Significance. If the empirical findings hold, the work supplies concrete, reproducible measurements of judge reliability and error propagation in agentic tool use, along with a practical runtime mitigation whose differential effects across models are documented. The public release of the full dataset and labels is a clear strength that enables independent verification and extension.

major comments (2)
  1. [Abstract / human annotation section] The description of the 100-label human-validated subset (Abstract and the human annotation section) provides no selection criteria, sampling method, or balance statistics across domains, models, or error types.
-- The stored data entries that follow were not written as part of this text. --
text \<open>
  By Schur's lemma every \<open>\<chi> \<in> Irr(G)\<close> satisfies \<open>Z(G) \<le> Z(\<chi>)\<close>, and \<open>\<chi>\<close> has no zeros on
  \<open>Z(\<chi>)\<close>. So if \<open>H \<unlhd> G\<close> has \<open>V(G|H) \<le> Z(G)\<close>, no \<open>\<chi>\<close> with \<open>Z(\<chi>) > Z(G)\<close> lies in
  \<open>Irr(G|H)\<close>, i.e. \<open>H \<le> K(G)\<close>; as \<open>K(G)\<close> is normal, \<open>U(G) \<le> K(G)\<close>. Conversely every
  \<open>\<chi> \<in> Irr(G|K(G))\<close> has \<open>Z(\<chi>) = Z(G)\<close>, so in a GVZ-group it vanishes off \<open>Z(G)\<close>; hence
  \<open>V(G|K(G)) \<le> Z(G)\<close> and \<open>K(G) \<le> U(G)\<close>. Normality of \<open>K(G)\<close> needs \<open>ker \<chi> = ker \<rho>\<close>, i.e. that a
  matrix of finite order with trace equal to its degree is the identity (Jordan normal form).
  Groups of class 2 are GVZ: if \<open>\<chi>(g) \<noteq> 0\<close>, each commutator \<open>[h, g]\<close> is central, acts by a scalar
  and preserves the trace of \<open>\<rho>(g)\<close>, so acts trivially; hence \<open>\<rho>(g)\<close> commutes with \<open>\<rho>(G)\<close> and
  \<open>g \<in> Z(\<chi>)\<close>.
\<close>

section \<open>Matrices of finite order\<close>

lemma mat_trace_mult_comm:
  assumes "A \<in> carrier_mat n m" "B \<in> carrier_mat m n"
  shows "mat_trace (A * B) = mat_trace (B * A)"
proof -
  have "mat_trace (A * B) = (\<Sum>i<n. \<Sum>k<m. A $$ (i,k) * B $$ (k,i))"
    using assms unfolding mat_trace_def
    by (auto simp: scalar_prod_def lessThan_atLeast0 intro!: sum.cong)
  also have "\<dots> = (\<Sum>k<m. \<Sum>i<n. B $$ (k,i) * A $$ (i,k))"
    by (subst sum.swap) (simp add: mult.commute)
  also have "\<dots> = mat_trace (B * A)"
    using assms unfolding mat_trace_def
    by (auto simp: scalar_prod_def lessThan_atLeast0 intro!: sum.cong)
  finally show ?thesis .
qed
Because the reported kappa values and the human-calibrated propagation probability of ~0.62 are obtained by extrapolating from this subset to the full 2,300 traces, the absence of explicit stratification or random-sampling documentation makes the representativeness assumption unverified and load-bearing for the central quantitative claims.
  2. [Mitigation experiment results] Table or figure reporting the mitigation results (the 23.0 pp reduction on GPT-4o-mini and null result on Gemini-2.0-Flash) does not state whether the concurrent n=600 control was applied identically to both models or whether the interceptor tuning was performed on the same data partition used for the propagation analysis; this detail is required to interpret the model-specific outcomes.
minor comments (2)
  1. [Abstract] The benchmark is described as both a '2,000-task benchmark' and containing '2,300 traces'; a brief clarification of the relationship between tasks and traces would improve precision.
  2. All reported probabilities and kappa values should be accompanied by confidence intervals or standard errors in the main text and tables to allow readers to assess precision.
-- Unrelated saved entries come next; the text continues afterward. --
lemma nn_integral_cond_var_shift_le:
  fixes X \<phi> D :: "'a \<Rightarrow> real"
  assumes "prob_space M" "subalgebra M F"
    and [measurable]: "X \<in> borel_measurable M" and X: "integrable M X"
    and var: "AE \<omega> in M. cond_var M F X \<omega> \<le> ennreal v" and "0 \<le> v"
    and [measurable]: "\<phi> \<in> borel_measurable F" "D \<in> borel_measurable F"
    and \<phi>: "\<And>\<omega>. 0 \<le> \<phi> \<omega>" "\<And>\<omega>. \<phi> \<omega> \<le> C" and D: "\<And>\<omega>. \<bar>D \<omega>\<bar> \<le> C"
  shows "(\<integral>\<^sup>+\<omega>. \<phi> \<omega> * (X \<omega> - real_cond_exp M F X \<omega> + D \<omega>)\<^sup>2 \<partial>M)
       \<le> (\<integral>\<^sup>+\<omega>. \<phi> \<omega> * v + \<phi> \<omega> * (D \<omega>)\<^sup>2 \<partial>M)"
proof -
  interpret prob_space M by fact
  interpret sigma_finite_subalgebra M F
    using assms(2) by (rule sigma_finite_subalgebra_if_subalgebra)
  define R where "R \<omega> = X \<omega> - real_cond_exp M F X \<omega>" for \<omega>
  have [measurable]: "R \<in> borel_measurable M" "\<phi> \<in> borel_measurable M" "D \<in> borel_measurable M"
    unfolding R_def using subalg by (auto intro: measurable_from_subalg)
  have weighted_var: "(\<integral>\<^sup>+\<omega>. \<psi> \<omega> * (R \<omega>)\<^sup>2 \<partial>M) \<le> (\<integral>\<^sup>+\<omega>. \<psi> \<omega> * v \<partial>M)"
    if "\<psi> \<in> borel_measurable F" for \<psi> :: "'a \<Rightarrow> ennreal"
    unfolding R_def using nn_integral_mult_sq_residual_le[OF assms(3) var that] by simp
  have "(\<integral>\<^sup>+\<omega>. (R \<omega>)\<^sup>2 \<partial>M) < \<infinity>"
    using weighted_var[of "\<lambda>_. 1"] by (simp add: emeasure_space_1 le_less_trans)
  then have sq: "integrable M (\<lambda>\<omega>. (R \<omega>)\<^sup>2)"
    by (intro integrableI_nonneg) auto
  have \<phi>D: "\<bar>\<phi> \<omega> * D \<omega>\<bar> \<le> C * C" for \<omega>
    using \<phi>[of \<omega>] D[of \<omega>] by (auto simp: abs_mult intro: mult_mono)
  have "integrable M (\<lambda>\<omega>. (\<phi> \<omega> * D \<omega>) * D \<omega>)"
    using \<phi>D D by (intro integrable_bounded_mult integrable_const_bound[where B = C]) auto
  moreover have "integrable M (\<lambda>\<omega>. (\<phi> \<omega> * D \<omega>) * R \<omega>)"
    unfolding R_def using X \<phi>D by (intro integrable_bounded_mult) auto
  moreover have "(\<integral>\<omega>. (\<phi> \<omega> * D \<omega>) * R \<omega> \<partial>M) = 0"
    unfolding R_def using \<phi>D
    by (intro integral_mult_residual_eq_0 X integrable_bounded_mult[OF X]) auto
  ultimately have "(\<integral>\<^sup>+\<omega>. \<phi> \<omega> * (R \<omega> + D \<omega>)\<^sup>2 \<partial>M)
      = (\<integral>\<^sup>+\<omega>. \<phi> \<omega> * (R \<omega>)\<^sup>2 \<partial>M) + (\<integral>\<^sup>+\<omega>. \<phi> \<omega> * (D \<omega>)\<^sup>2 \<partial>M)"
    using \<phi> by (intro nn_integral_weighted_sq_add_orthogonal integrable_bounded_mult[OF sq])
      (auto simp: power2_eq_square mult.assoc)
  also have "\<dots> \<le> (\<integral>\<^sup>+\<omega>. \<phi> \<omega> * v \<partial>M) + (\<integral>\<^sup>+\<omega>. \<phi> \<omega> * (D \<omega>)\<^sup>2 \<partial>M)"
    using weighted_var[of "\<lambda>\<omega>. ennreal (\<phi> \<omega>)"] \<phi> \<open>0 \<le> v\<close> by (simp add: ennreal_mult add_mono)
  also have "\<dots> = (\<integral>\<^sup>+\<omega>. \<phi> \<omega> * v + \<phi> \<omega> * (D \<omega>)\<^sup>2 \<partial>M)"
    using \<phi> \<open>0 \<le> v\<close> by (simp add: nn_integral_add ennreal_plus)
  finally show ?thesis unfolding R_def .
qed

lemma sq_hinge_step_on_bounded_set:
  fixes X Y :: "'a \<Rightarrow> real"
  assumes "prob_space M" "subalgebra M F"
    and [measurable]: "Y \<in> borel_measurable F" "X \<in> borel_measurable M" and "integrable M X"
    and X_le: "AE \<omega> in M. X \<omega> \<le> d" and drift: "AE \<omega> in M. real_cond_exp M F X \<omega> \<le> 0"
    and var: "AE \<omega> in M. cond_var M F X \<omega> \<le> ennreal v" and "0 < d" "0 < v"
    and [measurable]: "A \<in> sets F" and bounded: "\<And>\<omega>. \<omega> \<in> A \<Longrightarrow> \<bar>Y \<omega>\<bar> \<le> K"
  shows "(\<integral>\<^sup>+\<omega>. indicator A \<omega> * (max 0 (Y \<omega> + X \<omega>))\<^sup>2 \<partial>M)
       \<le> (\<integral>\<^sup>+\<omega>. indicator A \<omega> * two_point_mean d v (\<lambda>x. (max 0 x)\<^sup>2) (Y \<omega>) \<partial>M)"
proof -
  define m where "m = real_cond_exp M F X"
  define \<phi> where "\<phi> \<omega> = indicator A \<omega> * majorant_coeff d v (Y \<omega>)" for \<omega>
  define D where "D \<omega> = indicator A \<omega> * max 0 (min (m \<omega>) 0 - majorant_vertex d v (Y \<omega>))" for \<omega>
  have [measurable]: "\<phi> \<in> borel_measurable F" "D \<in> borel_measurable F"
    unfolding \<phi>_def D_def m_def by measurable
  have \<phi>: "0 \<le> \<phi> \<omega>" "\<phi> \<omega> \<le> max 1 (K + v / d)" for \<omega>
    unfolding \<phi>_def using majorant_coeff_bounds[OF \<open>0 < d\<close> \<open>0 < v\<close>, of "Y \<omega>"]
    by (auto simp: indicator_def)
  have "\<bar>D \<omega>\<bar> \<le> max 1 (K + v / d)" for \<omega>
    unfolding D_def using majorant_vertex_bounds[OF \<open>0 < d\<close> \<open>0 < v\<close>, of "Y \<omega>"] bounded[of \<omega>]
    by (cases "\<omega> \<in> A") auto
  note shift_le = nn_integral_cond_var_shift_le[OF assms(1,2,4,5) var _ _ _ \<phi> this]
  have "AE \<omega> in M. indicator A \<omega> * (max 0 (Y \<omega> + X \<omega>))\<^sup>2 \<le> \<phi> \<omega> * (X \<omega> - m \<omega> + D \<omega>)\<^sup>2"
    using X_le drift
  proof eventually_elim
    case (elim \<omega>)
    show ?case
      using sq_hinge_le_shifted_majorant[OF \<open>0 < d\<close> \<open>0 < v\<close> elim, of "Y \<omega>"]
      unfolding \<phi>_def D_def m_def by (cases "\<omega> \<in> A") simp_all
  qed
  then have "(\<integral>\<^sup>+\<omega>. indicator A \<omega> * (max 0 (Y \<omega> + X \<omega>))\<^sup>2 \<partial>M)
      \<le> (\<integral>\<^sup>+\<omega>. \<phi> \<omega> * (X \<omega> - m \<omega> + D \<omega>)\<^sup>2 \<partial>M)"
    by (intro nn_integral_mono_AE) (auto elim!: eventually_mono intro: ennreal_leI)
  also have "\<dots> \<le> (\<integral>\<^sup>+\<omega>. \<phi> \<omega> * v + \<phi> \<omega> * (D \<omega>)\<^sup>2 \<partial>M)"
    unfolding m_def using \<open>0 < v\<close> by (intro shift_le) auto
  also have "\<dots> \<le> (\<integral>\<^sup>+\<omega>. indicator A \<omega> * two_point_mean d v (\<lambda>x. (max 0 x)\<^sup>2) (Y \<omega>) \<partial>M)"
    unfolding \<phi>_def D_def
    by (intro nn_integral_mono ennreal_leI)
      (simp add: indicator_def shifted_majorant_le_two_point_mean \<open>0 < d\<close> \<open>0 < v\<close>)
  finally show ?thesis .
qed

lemma nn_integral_le_if_truncations_le:
  fixes Y :: "'a \<Rightarrow> real" and G :: "'a \<Rightarrow> ennreal"
  assumes [measurable]: "Y \<in> borel_measurable M" "G \<in> borel_measurable M"
    and truncated: "\<And>K::nat. (\<integral>\<^sup>+\<omega>. indicator {\<omega> \<in> space M. \<bar>Y \<omega>\<bar> \<le> K} \<omega> * G \<omega> \<partial>M) \<le> B"
  shows "(\<integral>\<^sup>+\<omega>. G \<omega> \<partial>M) \<le> B"
proof -
  define A where "A K = {\<omega> \<in> space M. \<bar>Y \<omega>\<bar> \<le> real K}" for K
  have inc: "incseq (\<lambda>K \<omega>. indicator (A K) \<omega> * G \<omega>)"
    by (intro incseq_SucI le_funI mult_right_mono) (auto simp: A_def indicator_def)
  have sup: "(SUP K. indicator (A K) \<omega> * G \<omega>) = G \<omega>" if "\<omega> \<in> space M" for \<omega>
  proof (rule antisym)
    show "(SUP K. indicator (A K) \<omega> * G \<omega>) \<le> G \<omega>"
      by (intro SUP_least) (auto simp: indicator_def)
    have "\<omega> \<in> A (nat \<lceil>\<bar>Y \<omega>\<bar>\<rceil>)"
      using that real_nat_ceiling_ge unfolding A_def by blast
    then show "G \<omega> \<le> (SUP K. indicator (A K) \<omega> * G \<omega>)"
      by (intro SUP_upper2[of "nat \<lceil>\<bar>Y \<omega>\<bar>\<rceil>"]) auto
  qed
  have "(\<integral>\<^sup>+\<omega>. G \<omega> \<partial>M) = (\<integral>\<^sup>+\<omega>. (SUP K. indicator (A K) \<omega> * G \<omega>) \<partial>M)"
    by (rule nn_integral_cong) (simp add: sup)
  also have "\<dots> = (SUP K. \<integral>\<^sup>+\<omega>. indicator (A K) \<omega> * G \<omega> \<partial>M)"
    by (rule nn_integral_monotone_convergence_SUP[OF inc]) (simp add: A_def)
  also have "\<dots> \<le> B"
    using truncated unfolding A_def by (intro SUP_least) auto
  finally show ?thesis .
qed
Simulated Author's Rebuttal

2 responses · 0 unresolved

We thank the referee for the constructive and detailed comments, which help clarify key aspects of our experimental design and reporting. We address each major comment below and will incorporate the requested clarifications into the revised manuscript.

read point-by-point responses
  1. Referee: [Abstract / human annotation section] The description of the 100-label human-validated subset (Abstract and the human annotation section) provides no selection criteria, sampling method, or balance statistics across domains, models, or error types. Because the reported kappa values and the human-calibrated propagation probability of ~0.62 are obtained by extrapolating from this subset to the full 2,300 traces, the absence of explicit stratification or random-sampling documentation makes the representativeness assumption unverified and load-bearing for the central quantitative claims.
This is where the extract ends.